As an August deadline looms for Ohio’s State Board of Education candidates, there’s a difference of opinion as to whether the governor has an obligation to change the districts to reflect the most current redistricting plan.
The difference of opinion, the governor’s office and a coalition of education advocates say, is whether redistricting and apportionment go hand-in-hand.
Ohio Gov. Mike DeWine changed the State Board of Education districts in January, saying his deadline was the end of that month, a statement his office maintained earlier this month when the coalition first asked DeWine to revise the districts. Each of the districts, by Ohio law, must be aligned with three state Senate districts, which is why the status of redistricting maps was so important in the case of this year’s board district map.
But the education coalition Honesty for Ohio Education has sent multiple letters to the governor demanding that he change the districts again, since the Senate districts have changed multiple times since his first go at it.
Ohio Revised Code requires districts to be made up of three “contiguous state senate districts as established in the most recent apportionment for members of the General Assembly.”
It goes on to say that if the General Assembly doesn’t enact the districts “after the apportionment for members of the General Assembly … made in any year,” the governor has to designate the districts by Jan. 31 “of the year next succeeding such apportionment.”
“Since the General Assembly district map in operation for the November 2022 election was effective May 2022, the deadline for re-designating SBOE districts is January 31, 2023,” according to the most recent letter sent by the coalition to the governor.

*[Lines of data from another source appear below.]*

(* The substitution theorem for the improper integral: the singularities of the integrand at
   the ends are absorbed by the Jacobian, and the transformed integrand is continuous. *)
lemma arcsin_substitution_integral:
  fixes a :: real and k :: nat
  assumes a: "0 < a" "a < 1"
  defines "m \<equiv> 1 - a^2"
  shows "(LBINT x=-arcsin a..arcsin a. cos x ^ (2*k+1) / sqrt (cos x ^ 4 - m^2))
       = (LBINT t=-pi/2..pi/2. (W m t - m)^k / sqrt (W m t))"
proof -
  define f where "f = (\<lambda>x. cos x ^ (2*k+1) / sqrt (cos x ^ 4 - m^2))"
  define g where "g = (\<lambda>t. arcsin (a * sin t))"
  define g' where "g' = (\<lambda>t. a * cos t / sqrt (1 - (a * sin t)^2))"
  define h where "h = (\<lambda>t. (W m t - m)^k / sqrt (W m t))"
  note bnd = scaled_sin_bounds[OF a]
  have m: "0 < m" "m \<le> 1" using a unfolding m_def by (simp_all add: power_less_one_iff)
  have integrand: "f (g t) * g' t = h t" "0 < cos (g t) ^ 4 - m^2" if "t \<in> {-pi/2<..<pi/2}" for t
    using arcsin_substitution_integrand(1)[OF a that] arcsin_substitution_integrand(2)[OF a that, of k]
    unfolding f_def g_def g'_def h_def m_def by auto
  have "(LBINT x=g (-pi/2)..g (pi/2). f x) = (LBINT x=-pi/2..pi/2. f (g x) * g' x)"
  proof (rule interval_integral_substitution_nonneg(2)[where a="ereal (-pi/2)" and b="ereal (pi/2)"])
    show "ereal (-pi/2) < ereal (pi/2)" using pi_gt_zero by simp
    show dg: "DERIV g x :> g' x" for x unfolding g_def g'_def by (rule scaled_arcsin_deriv[OF a])
    show "isCont g' x" for x unfolding g'_def using bnd(3)[of x] by (intro continuous_intros) auto
    show "0 \<le> g' x" if "ereal (-pi/2) \<le> ereal x" "ereal x \<le> ereal (pi/2)" for x
    proof -
      have "0 \<le> cos x" using that by (intro cos_ge_zero) auto
      then show ?thesis unfolding g'_def using a bnd(3)[of x]
        by (intro divide_nonneg_nonneg mult_nonneg_nonneg) auto
    qed
    show "0 \<le> f (g x)" if "ereal (-pi/2) < ereal x" "ereal x < ereal (pi/2)" for x
    proof -
      have "0 \<le> cos (g x)" unfolding g_def using bnd[of x] by (simp add: cos_arcsin)
      then show ?thesis unfolding f_def using integrand(2)[of x] that by simp
    qed
    show "isCont f (g x)" if "ereal (-pi/2) < ereal x" "ereal x < ereal (pi/2)" for x
      unfolding f_def using integrand(2)[of x] that by (intro continuous_intros) auto
    have g_cont: "isCont g x" for x using dg DERIV_isCont by blast
    then show "((ereal \<circ> g \<circ> real_of_ereal) \<longlongrightarrow> ereal (g (-pi/2))) (at_right (ereal (-pi/2)))"
      and "((ereal \<circ> g \<circ> real_of_ereal) \<longlongrightarrow> ereal (g (pi/2))) (at_left (ereal (pi/2)))"
      unfolding ereal_tendsto_simps by (simp_all add: isCont_def filterlim_at_split)
    have "set_integrable lborel (einterval (-pi/2) (pi/2)) h"
      using W_power_continuous[OF m] unfolding h_def
      by (intro set_integrable_subset[OF borel_integrable_atLeastAtMost', of "-pi/2" "pi/2"]) auto
    then show "set_integrable lborel (einterval (ereal (-pi/2)) (ereal (pi/2))) (\<lambda>x. f (g x) * g' x)"
      by (subst set_integrable_cong[OF refl refl, where f' = h]) (auto simp: integrand)
  qed
  also have "\<dots> = (LBINT x=-pi/2..pi/2. h x)"
    by (rule interval_integral_cong) (use pi_gt_zero in \<open>auto simp: integrand min_def max_def\<close>)
  moreover have "g (-pi/2) = -arcsin a" "g (pi/2) = arcsin a"
    unfolding g_def using a by (simp_all add: arcsin_minus)
  ultimately show ?thesis unfolding f_def h_def by simp
qed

But the Aug. 10 deadline to file for board candidacy demands action sooner, the coalition argues.
The law on this issue has been debated between the two groups, with Honesty for Education saying that because new redistricting plans have been released and a federal court implemented a legislative map at the end of May, the governor has the ability or, to them, an obligation to revise the districts to reflect the changes.
The coalition lays out several senate districts that are split between state school board districts in their newest letter, in violation of the state law that says board districts must be senate districts must be wholly contained within board of education districts.
“This is, yet again, it’s like pulling teeth to get state officials to draw districts legally,” said Collin Marozzi, a deputy policy director for the ACLU of Ohio who also signed on to the coalition letter, told the OCJ.
Marozzi also said the authority to designate the districts falls squarely on the governor because the General Assembly “has shown no initiative to complete that task.”
“We’re hopeful that the governor will just realize the errors that he’s made in these districts and how they are unambiguously against the law,” Marozzi said.
But the governor’s offices interprets the law differently, arguing the clock started after the U.S. Census Bureau released the data for apportionment – population figures that determine the number of U.S. House seats each state gets which began the redistricting process in Ohio.
“Even if we read apportionment to be the same as redistricting, we wouldn’t be on the clock right now,” said DeWine’s press secretary, Dan Tierney. “The governor wouldn’t be on the clock until (next) January.”
Tierney said the governor has been “in talks” with the General Assembly, but still holds “the understanding” that the GA will not be meeting again until the fall, after the Aug. 10 filing deadline for candidates.
As far as the legality of the districts, Tierney said the governor deferred to the Ohio Secretary of State’s directives on the school board districts.
On July 14, state SOS Frank LaRose sent out guidance to county boards of election, directing them to use the SBOE districts the governor laid out in January of this year.
“As the Ohio General Assembly did not establish new board districts within the statutory time required by law, the governor issued a letter of designation on January 31, 2022, setting the district boundaries,” the press release from LaRose’s office announcing the implementation of the districts stated.